Characterizing the Atmospheres of Irradiated Exoplanets at High Spectral Resolution

The best-characterized exoplanets to date are planets on close-in transiting orbits around their host stars. The high level of irradiation and transiting geometry of these objects make them ideal targets for atmospheric investigations. However, the modest apertures of many current telescopes allow mostly low resolution spectra to be observed for transiting planets, failing to extract key physical and chemical properties of their atmospheres. Ground-based 30-meter class telescopes will set the stage for a substantial leap in our understanding of exoplanet atmospheres.
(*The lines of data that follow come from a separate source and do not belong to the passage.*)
(* Let $\mathcal H$ and $\mathcal H_\varepsilon$ be separable Hilbert spaces, $\mathfrak a$ and $\mathfrak a_\varepsilon$ closed densely defined non-negative sesquilinear forms in $\mathcal H$ and $\mathcal H_\varepsilon$, and $\mathcal A$, $\mathcal A_\varepsilon$ the non-negative self-adjoint operators associated with them. Let $J_\varepsilon:\mathcal H\to\mathcal H_\varepsilon$ and $\check J_\varepsilon:\mathcal H_\varepsilon\to\mathcal H$ be bounded linear operators and $\delta_\varepsilon,\check\delta_\varepsilon,\nu_\varepsilon,\check\nu_\varepsilon\ge0$ constants such that $$\|(\mathcal A_\varepsilon+\mathrm I)^{-1}J_\varepsilon-J_\varepsilon(\mathcal A+\mathrm I)^{-1}\|_{\mathcal H\to\mathcal H_\varepsilon}\le\delta_\varepsilon,\qquad \|\check J_\varepsilon(\mathcal A_\varepsilon+\mathrm I)^{-1}-(\mathcal A+\mathrm I)^{-1}\check J_\varepsilon\|_{\mathcal H_\varepsilon\to\mathcal H}\le\check\delta_\varepsilon,$$ $$\|f\|^2_{\mathcal H}\le\|J_\varepsilon f\|^2_{\mathcal H_\varepsilon}+\nu_\varepsilon\mathfrak a[f,f]\ \ \forall f\in\mathrm{dom}(\mathfrak a),\qquad \|u\|^2_{\mathcal H_\varepsilon}\le\|\check J_\varepsilon u\|^2_{\mathcal H}+\check\nu_\varepsilon\mathfrak a_\varepsilon[u,u]\ \ \forall u\in\mathrm{dom}(\mathfrak a_\varepsilon).$$ Then for any $d\in(0,1)$ such that $\nu_\varepsilon,\check\nu_\varepsilon\in[0,\frac d{1-d})$, $$\mathrm{dist}_{\rm out}\Big(\sigma((\mathcal A_\varepsilon+\mathrm I)^{-1})\cap[d,1],\ \sigma((\mathcal A+\mathrm I)^{-1})\Big)\le\frac{\check\delta_\varepsilon}{\sqrt{1-\check\nu_\varepsilon(d^{-1}-1)}},$$ $$\mathrm{dist}_{\rm out}\Big(\sigma((\mathcal A+\mathrm I)^{-1})\cap[d,1],\ \sigma((\mathcal A_\varepsilon+\mathrm I)^{-1})\Big)\le\frac{\delta_\varepsilon}{\sqrt{1-\nu_\varepsilon(d^{-1}-1)}}.$$
   Context: The subscript $\varepsilon$ is merely a label (the spaces and operators need not depend on any parameter). For compact sets $X,Y\subset\mathbb R$, $\mathrm{dist}_{\rm out}(X,Y)=\sup_{x\in X}\inf_{y\in Y}|x-y|$ (with the supremum over the empty set taken as $0$). *)

theory Defs
  imports "HOL-Analysis.Analysis"
begin

text \<open>HOL-Analysis only provides real inner product
spaces; a complex Hilbert space is a real Hilbert space (real_inner + complete)
equipped with a complex scalar multiplication and a complex inner product
(linear in the first argument) whose real part is the real inner product.\<close>

class complex_hilbert = real_inner + complete_space +
  fixes scaleC :: "complex \<Rightarrow> 'a \<Rightarrow> 'a"
    and cinner :: "'a \<Rightarrow> 'a \<Rightarrow> complex"
  assumes scaleC_add_right: "scaleC c (x + y) = scaleC c x + scaleC c y"
    and scaleC_add_left: "scaleC (b + c) x = scaleC b x + scaleC c x"
    and scaleC_scaleC: "scaleC b (scaleC c x) = scaleC (b * c) x"
    and scaleC_one: "scaleC 1 x = x"
    and scaleC_of_real: "scaleC (complex_of_real r) x = scaleR r x"
    and cinner_add_left: "cinner (x + y) z = cinner x z + cinner y z"
    and cinner_scaleC_left: "cinner (scaleC c x) y = c * cinner x y"
    and cinner_commute: "cinner y x = cnj (cinner x y)"
    and Re_cinner: "Re (cinner x y) = inner x y"

definition separable_space :: "'a::complex_hilbert itself \<Rightarrow> bool" where
  "separable_space _ \<longleftrightarrow> (\<exists>S::'a set. countable S \<and> closure S = UNIV)"

definition cbounded_linear :: "('a::complex_hilbert \<Rightarrow> 'b::complex_hilbert) \<Rightarrow> bool" where
  "cbounded_linear T \<longleftrightarrow> bounded_linear T \<and> (\<forall>c x. T (scaleC c x) = scaleC c (T x))"

definition csubspace :: "'a::complex_hilbert set \<Rightarrow> bool" where
  "csubspace D \<longleftrightarrow> 0 \<in> D \<and> (\<forall>x\<in>D. \<forall>y\<in>D. x + y \<in> D) \<and> (\<forall>c. \<forall>x\<in>D. scaleC c x \<in> D)"

definition sesq_form :: "'a::complex_hilbert set \<Rightarrow> ('a \<Rightarrow> 'a \<Rightarrow> complex) \<Rightarrow> bool" where
  "sesq_form D a \<longleftrightarrow> csubspace D \<and>
     (\<forall>u\<in>D. \<forall>v\<in>D. \<forall>w\<in>D. a (u + v) w = a u w + a v w \<and> a w (u + v) = a w u + a w v) \<and>
     (\<forall>c. \<forall>u\<in>D. \<forall>v\<in>D. a (scaleC c u) v = c * a u v \<and> a u (scaleC c v) = cnj c * a u v)"

definition closed_dd_nonneg_form :: "'a::complex_hilbert set \<Rightarrow> ('a \<Rightarrow> 'a \<Rightarrow> complex) \<Rightarrow> bool" where
  "closed_dd_nonneg_form D a \<longleftrightarrow> sesq_form D a \<and> closure D = UNIV \<and>
     (\<forall>u\<in>D. Im (a u u) = 0 \<and> Re (a u u) \<ge> 0) \<and>
     (\<forall>s u. (\<forall>n. s n \<in> D) \<and> s \<longlonglongrightarrow> u \<and>
        (\<forall>e>0. \<exists>N. \<forall>m\<ge>N. \<forall>n\<ge>N. Re (a (s m - s n) (s m - s n)) < e)
        \<longrightarrow> u \<in> D \<and> (\<lambda>n. Re (a (s n - u) (s n - u))) \<longlonglongrightarrow> 0)"

text \<open>Graph of the operator associated with the form (Kato's first representation
theorem): u \<in> dom A iff u \<in> dom a and there is w with a[u,v] = (w,v) for all v in dom a;
then A u = w.\<close>
definition form_op :: "'a::complex_hilbert set \<Rightarrow> ('a \<Rightarrow> 'a \<Rightarrow> complex) \<Rightarrow> ('a \<times> 'a) set" where
  "form_op D a = {(u, w). u \<in> D \<and> (\<forall>v\<in>D. a u v = cinner w v)}"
We outline a two-pronged survey, recently submitted as a Key Science Project (KSP) for the US ELTs, which would yield unprecedented insight into the atmospheres of close-in exoplanets via combined observations with the GMT and TMT. (1) The first opportunity involves measuring the global-scale atmospheric circulation and planetary rotation for a sample of 40 hot Jupiters to glean insight into the unique radiative forcing regime governing highly-irradiated, tidally-locked giant planets. (2) The second opportunity involves measuring atmospheric mass-loss and extracting atmospheric composition and abundance ratio information for $\sim60$ sub-Neptunes and super-Earths (including candidate disintegrating planets) to constrain their formation and evolution histories. These efforts would be made possible by the unparalleled combination of high spectral resolution instrumentation and large aperture size of the ELTs. This survey would enable the first statistical study of atmospheric circulation in extrasolar giant planets, and would provide detections of trace gases and measurements of atmospheric escape in small-planet atmospheres, far exceeding the reach of \textit{JWST}.